Royal sunangel

Their beautiful feathers make them stand out among other birds and add a touch of magic to the mountain landscape


Royal sunangel


Their beautiful feathers make them stand out among other birds and add a touch of magic to the mountain landscape

Population 5,000 – 12,500
1 – 9% decline over three generations

The Royal Sunangel is a magnificent member of the hummingbird family, renowned for its captivating beauty and unique habitat preferences. Endemic to the mountainous regions of Ecuador and Peru, this exquisite bird is often referred to as the “elfin-forest king,” owing to its regal presence in the lush, montane forests where it resides.

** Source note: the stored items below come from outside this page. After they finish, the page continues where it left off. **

lemma sesq_ptrans_tensor_vec:
  "sesq (ptrans \<gamma>) (tensor_vec w (vec_cnj q)) (tensor_vec v (vec_cnj p)) =
   sesq \<gamma> (tensor_vec w p) (tensor_vec v q)"
proof -
  have "sesq (ptrans \<gamma>) (tensor_vec w (vec_cnj q)) (tensor_vec v (vec_cnj p)) =
    (\<Sum>i\<in>UNIV. \<Sum>a\<in>UNIV. \<Sum>j\<in>UNIV. \<Sum>b\<in>UNIV.
       cnj (w $ i) * q $ a * \<gamma> $ (i, b) $ (j, a) * v $ j * cnj (p $ b))"
    by (simp add: sesq_tensor_vec ptrans_def vec_cnj_def)
  also have "\<dots> = (\<Sum>i\<in>UNIV. \<Sum>a\<in>UNIV. \<Sum>b\<in>UNIV. \<Sum>j\<in>UNIV.
       cnj (w $ i) * q $ a * \<gamma> $ (i, b) $ (j, a) * v $ j * cnj (p $ b))"
    by (rule sum.cong[OF refl], rule sum.cong[OF refl], rule sum.swap)
  also have "\<dots> = (\<Sum>i\<in>UNIV. \<Sum>b\<in>UNIV. \<Sum>a\<in>UNIV. \<Sum>j\<in>UNIV.
       cnj (w $ i) * q $ a * \<gamma> $ (i, b) $ (j, a) * v $ j * cnj (p $ b))"
    by (rule sum.cong[OF refl], rule sum.swap)
  also have "\<dots> = (\<Sum>i\<in>UNIV. \<Sum>b\<in>UNIV. \<Sum>j\<in>UNIV. \<Sum>a\<in>UNIV.
       cnj (w $ i) * q $ a * \<gamma> $ (i, b) $ (j, a) * v $ j * cnj (p $ b))"
    by (rule sum.cong[OF refl], rule sum.cong[OF refl], rule sum.swap)
  also have "\<dots> = sesq \<gamma> (tensor_vec w p) (tensor_vec v q)"
    by (simp add: sesq_tensor_vec mult_ac)
  finally show ?thesis .
qed
(* Let $r\ge 2$ and define $\phi_r:\mathbb{R}\times\mathbb{R}\to\mathbb{R}$ by $$\phi_r(a,b)=\frac{1}{r}\Big[a_+^r b_+^r+|a_-|^r+|b_-|^r\Big].$$ Then: 1) For any $r\ge 2$, $\phi_r$ is continuously differentiable on $\mathbb{R}\times\mathbb{R}$ with $$\nabla\phi_r(a,b)=\begin{bmatrix} a_+^{r-1}b_+^r-|a_-|^{r-1}\\ a_+^r b_+^{r-1}-|b_-|^{r-1}\end{bmatrix}.$$ Moreover, $\nabla\phi_r(a,b)=0$ if and only if $\phi_r(a,b)=0$. 2) For any $r>2$, $\phi_r$ is twice continuously differentiable on $\mathbb{R}\times\mathbb{R}$ with $$\nabla^2\phi_r(a,b)=\begin{bmatrix}(r-1)(a_+^{r-2}b_+^r+|a_-|^{r-2}) & r\,a_+^{r-1}b_+^{r-1}\\ r\,a_+^{r-1}b_+^{r-1} & (r-1)(a_+^r b_+^{r-2}+|b_-|^{r-2})\end{bmatrix}.$$ 3) For $r=2$, the generalized Hessian of $\phi_2$ at any $(a,b)\in\mathbb{R}\times\mathbb{R}$ satisfies $$\partial\nabla\phi_2(a,b)\subseteq\left\{\begin{bmatrix}u & 2a_+b_+\\ 2a_+b_+ & v\end{bmatrix}:\ u\in\Xi(a,b),\ v\in\Xi(b,a)\right\}.$$
   Context: For $a\in\mathbb{R}$, $a_+:=\max\{a,0\}$ and $a_-:=\min\{a,0\}$; $a_+^r$ means $(a_+)^r$. The set $\Xi(a,b)\subseteq\mathbb{R}$ is defined by $\Xi(a,b)=\{b_+^2\}$ if $a>0$, $\Xi(a,b)=\mathrm{co}\{1,b_+^2\}$ (the closed interval between $1$ and $b_+^2$) if $a=0$, and $\Xi(a,b)=\{1\}$ if $a<0$. For a locally Lipschitz map $F:\mathbb{R}^n\to\mathbb{R}^m$, the (Clarke) generalized Jacobian is $\partial F(x)=\mathrm{co}\{\lim \nabla F(x^k): x^k\to x,\ x^k\in D_F\}$, where $D_F$ is the set of points where $F$ is differentiable; for a continuously differentiable function $\varphi$, its generalized Hessian is $\partial\nabla\varphi(x)$, the generalized Jacobian of $\nabla\varphi$. *)

theory Defs
  imports "HOL-Analysis.Analysis"
begin

definition pospart :: "real \<Rightarrow> real" where "pospart a = max a 0"
definition negpart :: "real \<Rightarrow> real" where "negpart a = min a 0"

definition phi :: "real \<Rightarrow> real \<times> real \<Rightarrow> real" where
  "phi r = (\<lambda>(a,b). (1/r) * ((pospart a) powr r * (pospart b) powr r
                          + \<bar>negpart a\<bar> powr r + \<bar>negpart b\<bar> powr r))"

definition grad :: "(real \<times> real \<Rightarrow> real) \<Rightarrow> real \<times> real \<Rightarrow> real \<times> real" where
  "grad f x = (THE g. (f has_derivative (\<lambda>v. g \<bullet> v)) (at x))"

definition Xi :: "real \<Rightarrow> real \<Rightarrow> real set" where
  "Xi a b = (if a > 0 then {(pospart b)^2}
             else if a = 0 then closed_segment 1 ((pospart b)^2)
             else {1})"

definition clarke_jacobian ::
  "('a::real_normed_vector \<Rightarrow> 'b::real_normed_vector) \<Rightarrow> 'a \<Rightarrow> ('a \<Rightarrow>\<^sub>L 'b) set" where
  "clarke_jacobian F x = convex hull
     {J. \<exists>X D. (\<forall>k. (F has_derivative blinfun_apply (D k)) (at (X k)))
              \<and> X \<longlonglongrightarrow> x \<and> D \<longlonglongrightarrow> J}"

end

theory Submission
  imports Defs
begin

Despite its diminutive size, the Royal Sunangel possesses a striking appearance characterized by its vibrant plumage and distinctive features. Sporting a short, black bill perfectly suited for sipping nectar from flowers and a long, forked tail that adds to its elegance in flight, this avian gem is a sight to behold amidst the mist-shrouded forests of its mountainous domain.

Like many hummingbirds, the Royal Sunangel is primarily nectarivorous, deriving much of its energy from the sweet nectar of various flowering plants that dot its high-altitude habitat. However, it is also an adept insectivore, using its long, delicate bill to capture small insects and other invertebrates, supplementing its diet with essential proteins and nutrients.

What truly sets the Royal Sunangel apart is its remarkable adaptation to the chilly temperatures of its mountainous habitat. Thriving in environments where the air is thin, and temperatures can plummet, this resilient bird has evolved specialized physiological and behavioral traits to survive in such harsh conditions. Its feathers, for instance, provide excellent insulation, trapping heat close to its body and ensuring that it remains warm and cozy even amidst the frosty mountain air. In essence, it’s like wearing a natural winter coat, allowing the Royal Sunangel to thrive year-round in its alpine abode.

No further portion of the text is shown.